Today, Canopy Growth is a leader in what has become a healthy and largely proven Canadian cannabis market that is finally starting to surge post-legalization. Quarterly revenue in the third quarter was more than $60 million, or $240 million annualized, implying a ~60 MRQ annualized sales multiple. Sales rose nearly 300% year-over-year in Q3, and over 250% sequentially. The company sold 10,000 kilograms of cannabis last quarter, up more than 300% year-over-year. Importantly, Canopy has entered the U.S. market by earning a state license to process and produce hemp in New York and buying U.S. hemp outfit AgriNextUSA.

Source: New Frontier Data

Just yesterday, Canopy announced it received a cultivation licence for its facility in Fredericton, New Brunswick, which should help supply the Atlantic Canada market with legal recreational cannabis.

In other words, everything has changed over the past several months. Canopy has gone from highly speculative cannabis investment lacking in fundamentals and long-term growth clarity, to a much-less speculative cannabis investment with strong fundamentals and healthy long-term growth visibility.

That’s why CGC stock is unlikely to repeat its late 2018 trading action.

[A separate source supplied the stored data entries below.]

lemma integral_has_real_derivative_ae:
  fixes f :: "real \<Rightarrow> real"
  assumes f: "f integrable_on {a..b}"
  shows "AE x in lebesgue. x \<in> {a<..<b} \<longrightarrow> ((\<lambda>u. integral {a..u} f) has_real_derivative f x) (at x)"
proof -
  define q where "q = (\<lambda>x. if x \<in> {a..b} then f x else 0)"
  have q: "q integrable_on {c..d}" for c d
    unfolding q_def using integrable_on_subcbox[OF integrable_restrict_UNIV[THEN iffD2, OF f], of c d]
    by simp
  then have q_reflect: "(\<lambda>x. q (- x)) integrable_on {c..d}" for c d
    using Henstock_Kurzweil_Integration.integrable_reflect_real[of q "- c" "- d"] by simp
  obtain N1 where "negligible N1"
    and N1: "\<And>x. x \<notin> N1 \<Longrightarrow> ((\<lambda>h. integral {x..x + h} q / h) \<longlongrightarrow> q x) (at_right 0)"
    using lebesgue_points_right[OF q] by blast
  obtain N2 where "negligible N2"
    and N2: "\<And>x. x \<notin> N2 \<Longrightarrow> ((\<lambda>h. integral {x..x + h} (\<lambda>t. q (- t)) / h) \<longlongrightarrow> q (- x)) (at_right 0)"
    using lebesgue_points_right[OF q_reflect] by blast
  have "negligible (uminus ` N2)"
    by (rule negligible_differentiable_image_negligible[OF _ \<open>negligible N2\<close>])
      (auto intro!: derivative_intros)
  moreover have "((\<lambda>u. integral {a..u} f) has_real_derivative f x) (at x)"
    if x: "x \<in> {a<..<b}" "x \<notin> N1 \<union> uminus ` N2" for x
  proof -
    have "- x \<notin> N2"
    proof
      assume "- x \<in> N2"
      then have "x \<in> uminus ` N2" by force
      with x(2) show False by simp
    qed
    moreover have "integral {- x..- x + h} (\<lambda>t. q (- t)) = integral {x - h..x} q" for h
      using Henstock_Kurzweil_Integration.integral_reflect_real[of x "x - h" q] by simp
    ultimately have "((\<lambda>h. integral {x - h..x} q / h) \<longlongrightarrow> q x) (at_right 0)"
      using N2[of "- x"] by simp
    then have "((\<lambda>u. integral {a..u} q) has_real_derivative q x) (at x)"
      using x by (intro has_real_derivative_from_averages[OF q _ N1]) auto
    then have "((\<lambda>u. integral {a..u} f) has_real_derivative q x) (at x)"
    proof (rule has_field_derivative_transform_within_open[OF _ open_greaterThanLessThan x(1)])
      show "integral {a..u} q = integral {a..u} f" if "u \<in> {a<..<b}" for u
        using that by (intro integral_cong) (simp add: q_def)
    qed
    moreover have "q x = f x" using x by (simp add: q_def)
    ultimately show ?thesis by simp
  qed
  ultimately show ?thesis
    unfolding eventually_ae_filter_negligible using \<open>negligible N1\<close>
    by (intro exI[of _ "N1 \<union> uminus ` N2"] conjI negligible_Un) blast+
qed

Recent weakness in the stock won’t turn into a huge 50% sell-off. The fundamentals and long-term growth narrative today are simply too good to allow that happen.

Pay Attention To $40

On the technical front, the level to watch in CGC stock is $40. This is roughly where Canopy Growth’s 100- and 200-day moving averages both sit, and it’s where the stock should find some support amid recent weakness.

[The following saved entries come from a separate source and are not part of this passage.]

(* Let $h>0$, let $r\in\{2,4,8,16\}$, let $j\in\{1,\dots,r-1\}$ and put $\theta=j/r$. Place a hanging node at $P=(x_c,y_c)$ and consider the seven points $$A_\pm=(x_c-\theta h,\;y_c\pm h),\quad B_\pm=(x_c+(1-\theta)h,\;y_c\pm h),\quad C=(x_c-\theta h,\;y_c),\quad D=(x_c+(1-\theta)h,\;y_c),\quad P.$$ Define the seven-point scheme for $\Delta u=f$ $$\alpha_{A}\big(U_{A_+}+U_{A_-}\big)+\alpha_{B}\big(U_{B_+}+U_{B_-}\big)+\alpha_C U_C+\alpha_D U_D+\alpha_P U_P=\beta_C f_C+\beta_D f_D,$$ with $$h^2\alpha_A=\frac{2-\theta}{3},\quad h^2\alpha_B=\frac{1+\theta}{3},\quad h^2\alpha_C=\frac{2}{\theta}-\frac43+\frac{2\theta}{3},\quad h^2\alpha_D=\frac{2}{1-\theta}-\frac43+\frac{2(1-\theta)}{3},\quad h^2\alpha_P=-\frac{2}{\theta(1-\theta)},$$ $$\beta_C=\frac{2-\theta}{3},\qquad \beta_D=\frac{1+\theta}{3}$$ (all other weights of $f$, including the one at $P$, are zero). Then: (i) $\beta_C+\beta_D=1$, $\beta_C,\beta_D>0$, all of $\alpha_A,\alpha_B,\alpha_C,\alpha_D$ are positive and $\alpha_P<0$ with $\alpha_P=-(2\alpha_A+2\alpha_B+\alpha_C+\alpha_D)$; (ii) replacing $j$ by $r-j$ (i.e. $\theta$ by $1-\theta$) exchanges the roles of the left points $A_\pm,C$ and the right points $B_\pm,D$ (the coefficients appear in reverse order), and the coefficients depend on $j,r$ only through $j/r$; (iii) the scheme is exact for every polynomial $p(x,y)$ of total degree at most $4$ whose coefficients of $x^4$ and of $y^4$ vanish, i.e. for such $p$, $$\alpha_A\big(p(A_+)+p(A_-)\big)+\alpha_B\big(p(B_+)+p(B_-)\big)+\alpha_C p(C)+\alpha_D p(D)+\alpha_P p(P)=\beta_C\,\Delta p(C)+\beta_D\,\Delta p(D).$$
   Context: Setting: a two-grid Cartesian discretization of the Poisson equation $\Delta u=f$ with a coarse mesh of size $h$ and a fine mesh of size $h/r$. A hanging node is a fine-grid point lying on a coarse grid line strictly between two consecutive coarse grid points; here the coarse grid points are at $x=x_c-\theta h$ and $x=x_c+(1-\theta)h$ on the line $y=y_c$, and the neighboring coarse lines are $y=y_c\pm h$. $U_Q$ denotes the discrete approximation of $u(Q)$ and $f_Q=f(Q)$. *)

theory Defs
  imports "HOL-Analysis.Analysis"
begin

definition theta :: "nat \<Rightarrow> nat \<Rightarrow> real" where
  "theta j r = real j / real r"

definition alphaA :: "real \<Rightarrow> nat \<Rightarrow> nat \<Rightarrow> real" where
  "alphaA h j r = ((2 - theta j r) / 3) / h\<^sup>2"

definition alphaB :: "real \<Rightarrow> nat \<Rightarrow> nat \<Rightarrow> real" where
  "alphaB h j r = ((1 + theta j r) / 3) / h\<^sup>2"

definition alphaC :: "real \<Rightarrow> nat \<Rightarrow> nat \<Rightarrow> real" where
  "alphaC h j r = (2 / theta j r - 4/3 + 2 * theta j r / 3) / h\<^sup>2"

definition alphaD :: "real \<Rightarrow> nat \<Rightarrow> nat \<Rightarrow> real" where
  "alphaD h j r = (2 / (1 - theta j r) - 4/3 + 2 * (1 - theta j r) / 3) / h\<^sup>2"

definition alphaP :: "real \<Rightarrow> nat \<Rightarrow> nat \<Rightarrow> real" where
  "alphaP h j r = (- 2 / (theta j r * (1 - theta j r))) / h\<^sup>2"

definition betaC :: "nat \<Rightarrow> nat \<Rightarrow> real" where
  "betaC j r = (2 - theta j r) / 3"

definition betaD :: "nat \<Rightarrow> nat \<Rightarrow> real" where
  "betaD j r = (1 + theta j r) / 3"

definition laplacian :: "(real \<Rightarrow> real \<Rightarrow> real) \<Rightarrow> real \<Rightarrow> real \<Rightarrow> real" where
  "laplacian f x y =
     deriv (\<lambda>s. deriv (\<lambda>t. f t y) s) x + deriv (\<lambda>s. deriv (\<lambda>t. f x t) s) y"

definition poly2 :: "(nat \<Rightarrow> nat \<Rightarrow> real) \<Rightarrow> real \<Rightarrow> real \<Rightarrow> real" where
  "poly2 c x y = (\<Sum>i\<le>4. \<Sum>k\<le>4. c i k * x ^ i * y ^ k)"

definition scheme_lhs ::
  "real \<Rightarrow> nat \<Rightarrow> nat \<Rightarrow> (real \<Rightarrow> real \<Rightarrow> real) \<Rightarrow> real \<Rightarrow> real \<Rightarrow> real" where
  "scheme_lhs h j r U xc yc =
     (let \<theta> = theta j r in
       alphaA h j r * (U (xc - \<theta> * h) (yc + h) + U (xc - \<theta> * h) (yc - h))
     + alphaB h j r * (U (xc + (1 - \<theta>) * h) (yc + h) + U (xc + (1 - \<theta>) * h) (yc - h))
     + alphaC h j r * U (xc - \<theta> * h) yc
     + alphaD h j r * U (xc + (1 - \<theta>) * h) yc
     + alphaP h j r * U xc yc)"

definition scheme_rhs ::
  "real \<Rightarrow> nat \<Rightarrow> nat \<Rightarrow> (real \<Rightarrow> real \<Rightarrow> real) \<Rightarrow> real \<Rightarrow> real \<Rightarrow> real" where
  "scheme_rhs h j r f xc yc =
     (let \<theta> = theta j r in
       betaC j r * f (xc - \<theta> * h) yc + betaD j r * f (xc + (1 - \<theta>) * h) yc)"

end

theory Submission
  imports Defs
begin

text \<open>For \<open>0 < \<theta> < 1\<close> the outer weights are positive, since
  \<open>h\<^sup>2\<alpha>\<^sub>C = (2(\<theta>-1)\<^sup>2 + 4)/(3\<theta>)\<close> and \<open>\<alpha>\<^sub>D\<close> is the same expression in \<open>1 - \<theta>\<close>; \<open>\<alpha>\<^sub>P\<close> is
  the negative of their sum, as exactness on constants demands. Exactness on the thirteen
  admissible monomials \<open>x\<^sup>iy\<^sup>k\<close> reduces, after multiplying the scheme by \<open>3\<theta>(1-\<theta>)h\<^sup>2\<close>,
  to a polynomial identity in \<open>\<theta>, h, x\<^sub>c, y\<^sub>c\<close> and the coefficients of the polynomial.\<close>

lemma theta_nonneg: "0 \<le> theta j r"
  unfolding theta_def by simp

lemma theta_pos_lt_1:
  assumes "0 < j" "j < r"
  shows "0 < theta j r" "theta j r < 1"
  using assms unfolding theta_def by simp_all

lemma theta_complement:
  assumes "j \<le> r" "0 < r"
  shows "theta (r - j) r = 1 - theta j r"
  using assms unfolding theta_def by (simp add: of_nat_diff field_simps)

lemma betaC_add_betaD: "betaC j r + betaD j r = 1"
  unfolding betaC_def betaD_def by (simp add: field_simps)

lemma betaC_pos: "theta j r < 2 \<Longrightarrow> 0 < betaC j r"
  unfolding betaC_def by simp

lemma betaD_pos: "0 < betaD j r"
  unfolding betaD_def using theta_nonneg[of j r] by simp

lemma alphaA_pos: "theta j r < 2 \<Longrightarrow> h \<noteq> 0 \<Longrightarrow> 0 < alphaA h j r"
  unfolding alphaA_def by simp

lemma alphaB_pos: "h \<noteq> 0 \<Longrightarrow> 0 < alphaB h j r"
  unfolding alphaB_def using theta_nonneg[of j r] by simp

lemma edge_weight_pos:
  fixes s :: real
  assumes "0 < s"
  shows "0 < 2 / s - 4/3 + 2 * s / 3"
proof -
  have "2 / s - 4/3 + 2 * s / 3 = (2 * (s - 1)\<^sup>2 + 4) / (3 * s)"
    using assms by (simp add: field_simps power2_eq_square)
  also have "\<dots> > 0"
    using assms by (intro divide_pos_pos add_nonneg_pos) simp_all
  finally show ?thesis .
qed

lemma alphaC_pos: "0 < theta j r \<Longrightarrow> h \<noteq> 0 \<Longrightarrow> 0 < alphaC h j r"
  unfolding alphaC_def by (intro divide_pos_pos edge_weight_pos) simp_all

lemma alphaD_pos: "theta j r < 1 \<Longrightarrow> h \<noteq> 0 \<Longrightarrow> 0 < alphaD h j r"
  unfolding alphaD_def by (intro divide_pos_pos edge_weight_pos) simp_all

lemma alphaP_neg: "0 < theta j r \<Longrightarrow> theta j r < 1 \<Longrightarrow> h \<noteq> 0 \<Longrightarrow> alphaP h j r < 0"
  unfolding alphaP_def by (simp add: divide_neg_pos)

lemma alphaP_eq:
  assumes "theta j r \<noteq> 0" "theta j r \<noteq> 1"
  shows "alphaP h j r = - (2 * alphaA h j r + 2 * alphaB h j r + alphaC h j r + alphaD h j r)"
proof -
  define t where "t = theta j r"
  have "t \<noteq> 0" "1 - t \<noteq> 0"
    using assms unfolding t_def by simp_all
  then have "-2 / (t * (1 - t)) =
      - (2 * ((2 - t) / 3) + 2 * ((1 + t) / 3) + (2 / t - 4/3 + 2 * t / 3)
         + (2 / (1 - t) - 4/3 + 2 * (1 - t) / 3))"
    by (simp add: field_simps)
  moreover have "- (2 * alphaA h j r + 2 * alphaB h j r + alphaC h j r + alphaD h j r) =
      - (2 * ((2 - t) / 3) + 2 * ((1 + t) / 3) + (2 / t - 4/3 + 2 * t / 3)
         + (2 / (1 - t) - 4/3 + 2 * (1 - t) / 3)) / h\<^sup>2"
    unfolding alphaA_def alphaB_def alphaC_def alphaD_def t_def
    by (simp only: times_divide_eq_right add_divide_distrib[symmetric] minus_divide_left)
  ultimately show ?thesis
    unfolding alphaP_def t_def by simp
qed

lemma coefficients_complement:
  assumes "j \<le> r" "0 < r"
  shows "alphaA h (r - j) r = alphaB h j r" "alphaB h (r - j) r = alphaA h j r"
    "alphaC h (r - j) r = alphaD h j r" "alphaD h (r - j) r = alphaC h j r"
    "alphaP h (r - j) r = alphaP h j r"
    "betaC (r - j) r = betaD j r" "betaD (r - j) r = betaC j r"
  unfolding alphaA_def alphaB_def alphaC_def alphaD_def alphaP_def betaC_def betaD_def
    theta_complement[OF assms]
  by (simp_all add: algebra_simps)

lemma coefficients_depend_on_theta:
  assumes "theta j' r' = theta j r"
  shows "alphaA h j' r' = alphaA h j r" "alphaB h j' r' = alphaB h j r"
    "alphaC h j' r' = alphaC h j r" "alphaD h j' r' = alphaD h j r"
    "alphaP h j' r' = alphaP h j r"
    "betaC j' r' = betaC j r" "betaD j' r' = betaD j r"
  unfolding alphaA_def alphaB_def alphaC_def alphaD_def alphaP_def betaC_def betaD_def assms
  by simp_all

lemma deriv2_quartic:
  "deriv (\<lambda>s. deriv (\<lambda>t. a + b*t + c*t^2 + d*t^3 + e*t^4) s) (x::real) = 2*c + 6*d*x + 12*e*x^2"
proof -
  have first: "deriv (\<lambda>t. a + b*t + c*t^2 + d*t^3 + e*t^4) u = b + 2*c*u + 3*d*u^2 + 4*e*u^3"
    for u :: real
    by (rule DERIV_imp_deriv) (auto intro!: derivative_eq_intros simp: power2_eq_square power3_eq_cube)
  show ?thesis
    unfolding first
    by (rule DERIV_imp_deriv) (auto intro!: derivative_eq_intros simp: power2_eq_square)
qed

lemma poly2_in_x:
  "poly2 c x y = (\<Sum>k\<le>4. c 0 k * y^k) + (\<Sum>k\<le>4. c 1 k * y^k) * x
    + (\<Sum>k\<le>4. c 2 k * y^k) * x^2 + (\<Sum>k\<le>4. c 3 k * y^k) * x^3 + (\<Sum>k\<le>4. c 4 k * y^k) * x^4"
  unfolding poly2_def by (simp add: numeral_eq_Suc atMost_Suc sum_distrib_right algebra_simps)

lemma poly2_in_y:
  "poly2 c x y = (\<Sum>i\<le>4. c i 0 * x^i) + (\<Sum>i\<le>4. c i 1 * x^i) * y
    + (\<Sum>i\<le>4. c i 2 * x^i) * y^2 + (\<Sum>i\<le>4. c i 3 * x^i) * y^3 + (\<Sum>i\<le>4. c i 4 * x^i) * y^4"
  unfolding poly2_def by (simp add: numeral_eq_Suc atMost_Suc sum_distrib_right algebra_simps)

lemma laplacian_poly2:
  "laplacian (poly2 c) x y =
     2 * (\<Sum>k\<le>4. c 2 k * y^k) + 6 * (\<Sum>k\<le>4. c 3 k * y^k) * x + 12 * (\<Sum>k\<le>4. c 4 k * y^k) * x^2
   + 2 * (\<Sum>i\<le>4. c i 2 * x^i) + 6 * (\<Sum>i\<le>4. c i 3 * x^i) * y + 12 * (\<Sum>i\<le>4. c i 4 * x^i) * y^2"
  unfolding laplacian_def poly2_in_x[of c _ y] poly2_in_y[of c x] deriv2_quartic by simp

lemma poly2_expand:
  assumes "\<forall>i k. 4 < i + k \<longrightarrow> c i k = 0" "c 4 0 = 0" "c 0 4 = 0"
  shows "poly2 c x y = c 0 0 + c 1 0 * x + c 0 1 * y + c 2 0 * x^2 + c 1 1 * x * y + c 0 2 * y^2
    + c 3 0 * x^3 + c 2 1 * x^2 * y + c 1 2 * x * y^2 + c 0 3 * y^3
    + c 3 1 * x^3 * y + c 2 2 * x^2 * y^2 + c 1 3 * x * y^3"
  using assms unfolding poly2_def by (simp add: numeral_eq_Suc atMost_Suc)

lemma laplacian_poly2_expand:
  assumes "\<forall>i k. 4 < i + k \<longrightarrow> c i k = 0" "c 4 0 = 0" "c 0 4 = 0"
  shows "laplacian (poly2 c) x y = 2 * c 2 0 + 2 * c 2 1 * y + 2 * c 2 2 * y^2 + 6 * c 3 0 * x
    + 6 * c 3 1 * x * y + 2 * c 0 2 + 2 * c 1 2 * x + 2 * c 2 2 * x^2 + 6 * c 0 3 * y + 6 * c 1 3 * x * y"
  using assms unfolding laplacian_poly2 by (simp add: numeral_eq_Suc atMost_Suc algebra_simps)

lemma seven_point_identity_cleared:
  fixes t h xc yc :: real
  assumes P: "\<And>x y. P x y = c00 + c10 * x + c01 * y + c20 * x^2 + c11 * x * y + c02 * y^2
      + c30 * x^3 + c21 * x^2 * y + c12 * x * y^2 + c03 * y^3
      + c31 * x^3 * y + c22 * x^2 * y^2 + c13 * x * y^3"
    and L: "\<And>x y. L x y = 2 * c20 + 2 * c21 * y + 2 * c22 * y^2 + 6 * c30 * x + 6 * c31 * x * y
      + 2 * c02 + 2 * c12 * x + 2 * c22 * x^2 + 6 * c03 * y + 6 * c13 * x * y"
  shows "(2 - t) * t * (1 - t) * (P (xc - t * h) (yc + h) + P (xc - t * h) (yc - h))
    + (1 + t) * t * (1 - t) * (P (xc + (1 - t) * h) (yc + h) + P (xc + (1 - t) * h) (yc - h))
    + (6 * (1 - t) - 4 * t * (1 - t) + 2 * t^2 * (1 - t)) * P (xc - t * h) yc
    + (6 * t - 4 * t * (1 - t) + 2 * t * (1 - t)^2) * P (xc + (1 - t) * h) yc
    + - 6 * P xc yc
    = t * (1 - t) * h^2 * (2 - t) * L (xc - t * h) yc + t * (1 - t) * h^2 * (1 + t) * L (xc + (1 - t) * h) yc"
  unfolding P L by algebra

lemma scheme_exact_poly2:
  assumes "theta j r \<noteq> 0" "theta j r \<noteq> 1" "h \<noteq> 0"
    and "\<forall>i k. 4 < i + k \<longrightarrow> c i k = 0" "c 4 0 = 0" "c 0 4 = 0"
  shows "scheme_lhs h j r (poly2 c) xc yc = scheme_rhs h j r (laplacian (poly2 c)) xc yc"
proof -
  define t where "t = theta j r"
  define K where "K = 3 * t * (1 - t) * h\<^sup>2"
  have "t \<noteq> 0" "1 - t \<noteq> 0"
    using assms(1,2) unfolding t_def by simp_all
  have weights:
    "alphaA h j r = (2 - t) * t * (1 - t) / K" "alphaB h j r = (1 + t) * t * (1 - t) / K"
    "alphaC h j r = (6 * (1 - t) - 4 * t * (1 - t) + 2 * t^2 * (1 - t)) / K"
    "alphaD h j r = (6 * t - 4 * t * (1 - t) + 2 * t * (1 - t)^2) / K"
    "alphaP h j r = - 6 / K"
    "betaC j r = t * (1 - t) * h^2 * (2 - t) / K" "betaD j r = t * (1 - t) * h^2 * (1 + t) / K"
    using \<open>t \<noteq> 0\<close> \<open>1 - t \<noteq> 0\<close> assms(3)
    unfolding alphaA_def alphaB_def alphaC_def alphaD_def alphaP_def betaC_def betaD_def K_def t_def
    by (simp_all add: field_simps power2_eq_square)
  (* collecting over K turns both sides verbatim into those of the cleared identity,
     which is why it is stated with + - 6 and with the factors of L multiplied out *)
  show ?thesis
    unfolding scheme_lhs_def scheme_rhs_def Let_def weights t_def[symmetric]
      times_divide_eq_left add_divide_distrib[symmetric]
      seven_point_identity_cleared[OF poly2_expand[OF assms(4-6)] laplacian_poly2_expand[OF assms(4-6)]]
    ..
qed

theorem mainTheorem2:
  fixes h xc yc :: real and r j :: nat
  assumes hpos: "h > 0"
    and r: "r \<in> {2, 4, 8, 16}"
    and j: "1 \<le> j" "j \<le> r - 1"
  shows
    "(betaC j r + betaD j r = 1 \<and> betaC j r > 0 \<and> betaD j r > 0 \<and>
      alphaA h j r > 0 \<and> alphaB h j r > 0 \<and> alphaC h j r > 0 \<and> alphaD h j r > 0 \<and>
      alphaP h j r < 0 \<and>
      alphaP h j r = - (2 * alphaA h j r + 2 * alphaB h j r + alphaC h j r + alphaD h j r))
   \<and> (alphaA h (r - j) r = alphaB h j r \<and> alphaB h (r - j) r = alphaA h j r \<and>
      alphaC h (r - j) r = alphaD h j r \<and> alphaD h (r - j) r = alphaC h j r \<and>
      alphaP h (r - j) r = alphaP h j r \<and>
      betaC (r - j) r = betaD j r \<and> betaD (r - j) r = betaC j r)
   \<and> (\<forall>j' r'. r' > 0 \<and> real j' / real r' = real j / real r \<longrightarrow>
        alphaA h j' r' = alphaA h j r \<and> alphaB h j' r' = alphaB h j r \<and>
        alphaC h j' r' = alphaC h j r \<and> alphaD h j' r' = alphaD h j r \<and>
        alphaP h j' r' = alphaP h j r \<and>
        betaC j' r' = betaC j r \<and> betaD j' r' = betaD j r)
   \<and> (\<forall>c :: nat \<Rightarrow> nat \<Rightarrow> real.
        (\<forall>i k. 4 < i + k \<longrightarrow> c i k = 0) \<and> c 4 0 = 0 \<and> c 0 4 = 0 \<longrightarrow>
        scheme_lhs h j r (poly2 c) xc yc = scheme_rhs h j r (laplacian (poly2 c)) xc yc)"
proof -
  have "0 < j" "j < r"
    using r j by auto
  then have \<theta>: "0 < theta j r" "theta j r < 1"
    by (rule theta_pos_lt_1)+
  have "h \<noteq> 0"
    using hpos by simp
  have "j \<le> r" "0 < r"
    using \<open>j < r\<close> by simp_all
  note reflection = coefficients_complement[OF this]
  show ?thesis
    unfolding reflection theta_def[symmetric]
    using \<theta> \<open>h \<noteq> 0\<close>
    by (intro conjI allI impI refl betaC_add_betaD betaC_pos betaD_pos alphaA_pos alphaB_pos
        alphaC_pos alphaD_pos alphaP_neg alphaP_eq coefficients_depend_on_theta scheme_exact_poly2)
      simp_all
qed

end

During the late 2018 sell-off, CGC stock rapidly broke through its 50- and 100-day moving averages. Importantly, though, it found support at the 200-day moving average. The 200-day support level finally broke in December 2018, amid a broad market wipe-out. But, the stock has since retaken and held its 200-day moving average.

In other words, ex macro-economic headwinds, the level in CGC stock that has largely held amid huge moves over the past several months has been the 200-day moving average. Right now, that moving average is closing in on $40.

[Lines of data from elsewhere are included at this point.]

(* Let $(V,\mathcal H,\iota,W)$ be an abelian generalized functional theory with set of weights $\Omega$. Then $\iota^*(\mathcal P)=\iota^*(\mathcal E)=\mathrm{conv}(\Omega)$.
   Context: A generalized functional theory is a tuple $(V,\mathcal H,\iota,W)$ with $V$ a finite-dimensional real vector space, $\mathcal H$ a finite-dimensional complex Hilbert space, $\iota:V\to i\mathfrak u(\mathcal H)$ a linear map into the Hermitian operators, and $W$ Hermitian. States are regarded as linear functionals on $i\mathfrak u(\mathcal H)$ via the trace; $\iota^*$ is the dual map, $\langle\iota^*(\Gamma),v\rangle=\mathrm{Tr}(\Gamma\iota(v))$. $\mathcal P$ is the set of pure states (rank-one orthogonal projectors) and $\mathcal E$ the set of density operators. The theory is abelian if $[\iota(v),\iota(v')]=0$ for all $v,v'$. A weight is an $\alpha\in V^*$ for which there is a nonzero $\psi\in\mathcal H$ with $\iota(v)\psi=\langle\alpha,v\rangle\psi$ for all $v\in V$; $\Omega$ is the set of weights. *)

theory Defs
  imports "HOL-Analysis.Analysis"
begin

text \<open>Operators on H = complex^'n are represented as matrices complex^'n^'n.\<close>

definition hermitian :: "complex^'n^'n \<Rightarrow> bool" where
  "hermitian A \<longleftrightarrow> (\<forall>i j. A$i$j = cnj (A$j$i))"

definition cinner :: "complex^'n \<Rightarrow> complex^'n \<Rightarrow> complex" where
  "cinner x y = (\<Sum>i\<in>UNIV. cnj (x$i) * y$i)"

definition pure_states :: "(complex^'n^'n) set" where
  "pure_states = {\<Gamma>. \<exists>\<psi>::complex^'n. cinner \<psi> \<psi> = 1 \<and>
                          \<Gamma> = (\<chi> i j. \<psi>$i * cnj (\<psi>$j))}"

definition density_ops :: "(complex^'n^'n) set" where
  "density_ops = {\<Gamma>. hermitian \<Gamma> \<and> (\<forall>x. 0 \<le> Re (cinner x (\<Gamma> *v x))) \<and> trace \<Gamma> = 1}"

definition gft :: "('v::real_vector \<Rightarrow> complex^'n^'n) \<Rightarrow> complex^'n^'n \<Rightarrow> bool" where
  "gft \<iota> W \<longleftrightarrow> linear \<iota> \<and> (\<forall>v. hermitian (\<iota> v)) \<and> hermitian W"

definition abelian :: "('v \<Rightarrow> complex^'n^'n) \<Rightarrow> bool" where
  "abelian \<iota> \<longleftrightarrow> (\<forall>v v'. \<iota> v ** \<iota> v' = \<iota> v' ** \<iota> v)"

definition dual_map :: "('v \<Rightarrow> complex^'n^'n) \<Rightarrow> complex^'n^'n \<Rightarrow> ('v \<Rightarrow> real)" where
  "dual_map \<iota> \<Gamma> = (\<lambda>v. Re (trace (\<Gamma> ** \<iota> v)))"

definition weights :: "('v::real_vector \<Rightarrow> complex^'n^'n) \<Rightarrow> ('v \<Rightarrow> real) set" where
  "weights \<iota> = {\<alpha>. linear \<alpha> \<and> (\<exists>\<psi>::complex^'n. \<psi> \<noteq> 0 \<and>
                  (\<forall>v. \<iota> v *v \<psi> = complex_of_real (\<alpha> v) *s \<psi>))}"

definition conv_dual :: "('v \<Rightarrow> real) set \<Rightarrow> ('v \<Rightarrow> real) set" where
  "conv_dual S = {(\<lambda>v. \<Sum>i<m. c i * f i v) | (m::nat) c f.
                    (\<forall>i<m. 0 \<le> c i \<and> f i \<in> S) \<and> (\<Sum>i<m. c i) = 1}"

end

(*
  Commuting Hermitian operators iota(v) have a common orthonormal eigenbasis e_j,
  iota(v) e_j = alpha_j(v) e_j: a maximiser of the quadratic form x . A x on an invariant
  subspace is an eigenvector of A, the eigenspaces of one operator are invariant under
  the others, and the orthogonal complement of common eigenvectors is again invariant.
  The weights are exactly the alpha_j. For a density operator Gamma,
  Tr(Gamma iota(v)) = sum_j <e_j, Gamma e_j> alpha_j(v) with nonnegative coefficients
  summing to Tr Gamma = 1, so iota*(E) lies in conv(Omega); conversely sum_j d_j alpha_j
  is iota* of the pure state of psi = sum_j sqrt(d_j) e_j. Together with P <= E this
  closes the chain iota*(P) <= iota*(E) <= conv(Omega) <= iota*(P).
*)

theory Submission
  imports Defs
begin

section \<open>The complex inner product on \<open>complex^'n\<close>\<close>

lemma inner_vec_eq_Re_cinner: "(x::complex^'n) \<bullet> y = Re (cinner x y)"
  by (simp add: inner_vec_def cinner_def inner_complex_def Re_sum)

lemma cinner_add_left: "cinner (x + y) z = cinner x z + cinner y z"
  by (simp add: cinner_def sum.distrib algebra_simps)

lemma cinner_add_right: "cinner z (x + y) = cinner z x + cinner z y"
  by (simp add: cinner_def sum.distrib algebra_simps)

lemma cinner_scaleC_left: "cinner (c *s x) z = cnj c * cinner x z"
  by (simp add: cinner_def sum_distrib_left algebra_simps)

lemma cinner_scaleC_right: "cinner z (c *s x) = c * cinner z x"
  by (simp add: cinner_def sum_distrib_left algebra_simps)

lemma scaleR_eq_scaleC: "c *\<^sub>R (x::complex^'n) = complex_of_real c *s x"
  by (simp add: vec_eq_iff scaleR_conv_of_real[where 'a=complex])

lemma cinner_scaleR_left: "cinner (c *\<^sub>R x) z = complex_of_real c * cinner x z"
  by (simp add: scaleR_eq_scaleC cinner_scaleC_left)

I fully expect broader market weakness (thanks, inverted yield curve) to continue to drag the stock close to $40. But, once CGC stock nears that level, history says that the shares should reverse course. The fundamentals imply this, too, as Canopy Growth remains on track to be a $100 billion-plus company one day.

Bottom Line on CGC Stock

CGC stock is a potential multi-bagger in the making. As such, recent weakness is largely just noise in the big picture, which shows Canopy Growth potentially turning into a $100 billion-plus company at the head of a trillion-dollar global CBD industry. That doesn’t mean recent weakness won’t persist. It will. But, the stock should find some support at $40. That’s where I plan on adding exposure.

As of this writing, Luke Lango was long CGC.